Yes I have. I scraped them off very carefully with a sharp hive tool. The top/back of it where it was attached to the mid-rib had a small pinhole in it with royal jelly behind it. I just carefully pinched it closed. Cut off a couple off that comb, and they both emerged with beautiful queens. I did this ten days after adding that comb to a queenless cell builder nuc. It was virgin comb, first brood ever laid in it so it was tender and easy to cut. I would imagine that the older the comb, the less success I would have had.


----------



## sfisher (Sep 22, 2009)

Thanks Ray


----------



## Vance G (Jan 6, 2011)

Most people who try it fail so be very careful and good luck. I can't get it done myself.


----------



## beepro (Dec 31, 2012)

You will definitely touch the RJ because it is part of the cell. On new wax these qcs are very soft so one false
move then it is all over.

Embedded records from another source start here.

theorem theorem1:
  fixes V :: "'a set" and E :: "'a \<Rightarrow> 'a \<Rightarrow> bool" and p :: real
    and a0 :: "'a \<Rightarrow> real" and sel :: "nat \<Rightarrow> ('a \<Rightarrow> real) \<Rightarrow> 'a \<Rightarrow> 'a set \<Rightarrow> 'a"
  assumes "connected_undirected_graph V E"
    and "card V \<ge> 2"
    and "0 \<le> p" and "p \<le> 1"
    and "valid_tiebreak V E sel"
  shows "(\<lambda>l. measure_pmf.expectation (sgg_dist V E p sel a0 l)
            (\<lambda>a. \<Sum>s\<in>V. (a s - (\<Sum>u\<in>V. a0 u) / real (card V))^2))
         \<longlonglongrightarrow> 0"
proof -
  interpret sgg_process V E p sel
    using assms by unfold_locales
  define c where "c = (\<Sum>u\<in>V. a0 u) / real (card V)"
  let ?F = "\<lambda>l. measure_pmf.expectation (sgg_dist V E p sel a0 l) (sum_sq_dev V c)"
  have bound_to_0: "(\<lambda>l. (1 - contraction_rate) ^ l * sum_sq_dev V c a0) \<longlonglongrightarrow> 0"
    using contraction_rate_pos contraction_rate_le_1
    by (intro tendsto_mult_left_zero[OF LIMSEQ_power_zero]) auto
  have nonneg: "\<forall>l. 0 \<le> ?F l"
    unfolding sum_sq_dev_def by (intro allI integral_nonneg_AE AE_I2 sum_nonneg) simp
  have bounded: "\<forall>l. ?F l \<le> (1 - contraction_rate) ^ l * sum_sq_dev V c a0"
    using expected_sum_sq_dev_sgg_dist[OF c_def] by blast
  show ?thesis
    using tendsto_sandwich[OF always_eventually[OF nonneg] always_eventually[OF bounded]
        tendsto_const bound_to_0]
    unfolding sum_sq_dev_def c_def .
qed

end
lemma midpoint_concave_nonneg_if_zero_at_ends:
  fixes \<psi> :: "real \<Rightarrow> real"
  assumes cont: "continuous_on {x..z} \<psi>"
    and mid: "\<And>s r. x \<le> s \<Longrightarrow> s \<le> r \<Longrightarrow> r \<le> z \<Longrightarrow> \<psi> s + \<psi> r \<le> 2 * \<psi> ((s + r) / 2)"
    and ends: "\<psi> x = 0" "\<psi> z = 0" and "y \<in> {x..z}"
  shows "0 \<le> \<psi> y"
proof (rule ccontr)
  \<comment> \<open>The leftmost point where \<open>\<psi>\<close> attains its negative minimum would violate midpoint concavity.\<close>
  assume "\<not> 0 \<le> \<psi> y"
  obtain w where w: "w \<in> {x..z}" "\<And>v. v \<in> {x..z} \<Longrightarrow> \<psi> w \<le> \<psi> v"
    using continuous_attains_inf[OF compact_Icc _ cont] \<open>y \<in> {x..z}\<close> by fastforce
  define M where "M = {s \<in> {x..z}. \<psi> s = \<psi> w}"
  have "closed M"
    unfolding M_def by (rule continuous_closed_preimage_constant[OF cont]) auto
  moreover have "M \<noteq> {}" "bdd_below M"
    using w unfolding M_def by (auto intro: bdd_belowI[of _ x])
  ultimately have "Inf M \<in> M"
    by (rule closed_contains_Inf[rotated 2])
  define s0 where "s0 = Inf M"
  have "\<psi> s0 = \<psi> w" "s0 \<in> {x..z}"
    using \<open>Inf M \<in> M\<close> unfolding s0_def M_def by auto
  with ends w(2)[OF \<open>y \<in> {x..z}\<close>] \<open>\<not> 0 \<le> \<psi> y\<close> have "x < s0" "s0 < z"
    by (metis atLeastAtMost_iff order.order_iff_strict order.trans)+
  define d where "d = min (s0 - x) (z - s0)"
  have d: "0 < d" "s0 - d \<in> {x..z}" "s0 + d \<in> {x..z}"
    using \<open>x < s0\<close> \<open>s0 < z\<close> unfolding d_def by auto
  have "s0 - d \<notin> M"
    using cInf_lower[OF _ \<open>bdd_below M\<close>, of "s0 - d"] \<open>0 < d\<close> unfolding s0_def by auto
  then have "\<psi> s0 < \<psi> (s0 - d)"
    using w(2)[OF d(2)] \<open>\<psi> s0 = \<psi> w\<close> d(2) unfolding M_def by auto
  moreover have "\<psi> s0 \<le> \<psi> (s0 + d)"
    using w(2)[OF d(3)] \<open>\<psi> s0 = \<psi> w\<close> by simp
  moreover have "\<psi> (s0 - d) + \<psi> (s0 + d) \<le> 2 * \<psi> s0"
    using mid[of "s0 - d" "s0 + d"] d by simp
  ultimately show False
    by linarith
qed

lemma midpoint_concave_above_chord:
  fixes \<phi> :: "real \<Rightarrow> real"
  assumes cont: "continuous_on {x..z} \<phi>"
    and mid: "\<And>s r. x \<le> s \<Longrightarrow> s \<le> r \<Longrightarrow> r \<le> z \<Longrightarrow> \<phi> s + \<phi> r \<le> 2 * \<phi> ((s + r) / 2)"
    and "x < z" "y \<in> {x..z}"
  shows "\<phi> x + (\<phi> z - \<phi> x) * (y - x) / (z - x) \<le> \<phi> y"
proof -
  define c where "c = (\<phi> z - \<phi> x) / (z - x)"
  define \<psi> where "\<psi> s = \<phi> s - \<phi> x - c * (s - x)" for s
  have "0 \<le> \<psi> y"
  proof (rule midpoint_concave_nonneg_if_zero_at_ends[where \<psi> = \<psi> and x = x and z = z])
    show "continuous_on {x..z} \<psi>"
      unfolding \<psi>_def by (intro continuous_intros cont)
    show "\<psi> s + \<psi> r \<le> 2 * \<psi> ((s + r) / 2)" if "x \<le> s" "s \<le> r" "r \<le> z" for s r
    proof -
      have "\<psi> s + \<psi> r - 2 * \<psi> ((s + r) / 2) = \<phi> s + \<phi> r - 2 * \<phi> ((s + r) / 2)"
        unfolding \<psi>_def by (simp add: algebra_simps)
      then show ?thesis
        using mid[OF that] by linarith
    qed
    show "\<psi> x = 0" "\<psi> z = 0"
      unfolding \<psi>_def c_def using \<open>x < z\<close> by auto
  qed fact
  then show ?thesis
    unfolding \<psi>_def c_def by (simp add: algebra_simps)
qed

lemma concave_on_Icc_if_midpoint_concave:
  fixes \<phi> :: "real \<Rightarrow> real"
  assumes cont: "continuous_on {a..b} \<phi>"
    and mid: "\<And>s r. a \<le> s \<Longrightarrow> s \<le> r \<Longrightarrow> r \<le> b \<Longrightarrow> \<phi> s + \<phi> r \<le> 2 * \<phi> ((s + r) / 2)"
  shows "concave_on {a..b} \<phi>"
proof (rule concave_on_linorderI)
  fix t x y :: real
  assume t: "0 < t" "t < 1" and xy: "x \<in> {a..b}" "y \<in> {a..b}" "x < y"
  have chord: "\<phi> x + (\<phi> y - \<phi> x) * (((1 - t) * x + t * y) - x) / (y - x) \<le> \<phi> ((1 - t) * x + t * y)"
  proof (rule midpoint_concave_above_chord)
    show "continuous_on {x..y} \<phi>"
      using cont by (rule continuous_on_subset) (use xy in auto)
    have "t * (y - x) \<le> y - x" "0 \<le> t * (y - x)"
      using t xy by (auto intro: mult_left_le_one_le)
    then show "(1 - t) * x + t * y \<in> {x..y}"
      by (simp add: algebra_simps)
  qed (use mid xy in auto)
  have "(\<phi> y - \<phi> x) * (((1 - t) * x + t * y) - x) / (y - x) = t * (\<phi> y - \<phi> x)"
    using xy by (simp add: field_simps)
  with chord show "(1 - t) * \<phi> x + t * \<phi> y \<le> \<phi> ((1 - t) *\<^sub>R x + t *\<^sub>R y)"
    by (simp add: algebra_simps)
qed simp

lemma concave_on_Icc_if_increments_antimono:
  fixes F :: "real \<Rightarrow> real"
  assumes "continuous_on {a..b} F"
    and increments: "\<And>s t \<delta>. a \<le> s \<Longrightarrow> s \<le> t \<Longrightarrow> 0 \<le> \<delta> \<Longrightarrow> t + \<delta> \<le> b \<Longrightarrow>
                       F (t + \<delta>) - F t \<le> F (s + \<delta>) - F s"
  shows "concave_on {a..b} F"
proof (rule concave_on_Icc_if_midpoint_concave[OF assms(1)])
  fix s r assume "a \<le> s" "s \<le> r" "r \<le> b"
  then have "F ((s + r) / 2 + (r - s) / 2) - F ((s + r) / 2) \<le> F (s + (r - s) / 2) - F s"
    by (intro increments) (auto simp: field_simps)
  moreover have "(s + r) / 2 + (r - s) / 2 = r" "s + (r - s) / 2 = (s + r) / 2"
    by (simp_all add: field_simps)
  ultimately show "F s + F r \<le> 2 * F ((s + r) / 2)"
    by simp
qed

lemma lipschitz_on_Icc_if_increments_antimono:
  fixes F :: "real \<Rightarrow> real"
  assumes "a < b" and mono: "mono_on {a..b} F"
    and increments: "\<And>s t \<delta>. a \<le> s \<Longrightarrow> s \<le> t \<Longrightarrow> 0 \<le> \<delta> \<Longrightarrow> t + \<delta> \<le> b \<Longrightarrow>
                       F (t + \<delta>) - F t \<le> F (s + \<delta>) - F s"
    and start: "\<And>\<delta>. 0 < \<delta> \<Longrightarrow> a + \<delta> \<le> b \<Longrightarrow> F (a + \<delta>) - F a \<le> K * \<delta>"
  shows "K-lipschitz_on {a..b} F"
proof -
  have increment_le: "F t - F s \<le> K * (t - s)" if "a \<le> s" "s \<le> t" "t \<le> b" for s t
    using increments[of a s "t - s"] start[of "t - s"] that by (cases "s = t") simp_all
  have monoD: "F s \<le> F t" if "a \<le> s" "s \<le> t" "t \<le> b" for s t
    using mono_onD[OF mono, of s t] that by simp
  have "0 \<le> K * (b - a)"
    using increment_le[of a b] monoD[of a b] \<open>a < b\<close> by simp
  then have "0 \<le> K"
    using \<open>a < b\<close> by (simp add: zero_le_mult_iff)
  moreover have "dist (F x) (F y) \<le> K * dist x y" if "x \<in> {a..b}" "y \<in> {a..b}" for x y
    using increment_le[of x y] monoD[of x y] increment_le[of y x] monoD[of y x] that
    by (cases "x \<le> y") (simp_all add: dist_real_def abs_if)
  ultimately show ?thesis
    by (intro lipschitz_onI)
qed

lemma one_minus_power_div_le:
  fixes u :: real
  assumes "0 \<le> u" "u \<le> 1"
  shows "(1 - (1 - u) ^ n) / real n \<le> u"
proof (cases "n = 0")
  case False
  have "1 + real n * (- u) \<le> (1 + - u) ^ n"
    using assms by (intro Bernoulli_inequality) simp
  then show ?thesis
    using False by (simp add: divide_le_eq algebra_simps)
qed (use assms in simp)

lemma slope_between_supergradients:
  fixes F D :: "real \<Rightarrow> real"
  assumes super: "\<And>s t. s \<in> {a..b} \<Longrightarrow> t \<in> {a..b} \<Longrightarrow> F s \<le> F t + D t * (s - t)"
    and "s \<in> {a..b}" "r \<in> {a..b}" "s < r"
  shows "D r \<le> slope F s r" "slope F s r \<le> D s"
proof -
  have "D r * (r - s) \<le> F r - F s" "F r - F s \<le> D s * (r - s)"
    using super[of s r] super[of r s] assms(2-4) by (auto simp: right_diff_distrib)
  then show "D r \<le> slope F s r" "slope F s r \<le> D s"
    using \<open>s < r\<close> by (simp_all add: slope_def pos_le_divide_eq pos_divide_le_eq)
qed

My idea is to use a handheld small electric grinder to cut the foundation off in a square shape. 
Scrape off the excess comb of where you would like to make the cut will be easier for the rotatory blade to cut thru. 
Try to cut out a wider piece before the virgin hatch after the critical development stage. 
Then you can anchor the whole piece of plastic onto the frame with a screw and put inside the nuc hive. Try to make a
test cut first to see if you can handle it. Just go slow with the blade.


----------



## Michael Bush (Aug 2, 2002)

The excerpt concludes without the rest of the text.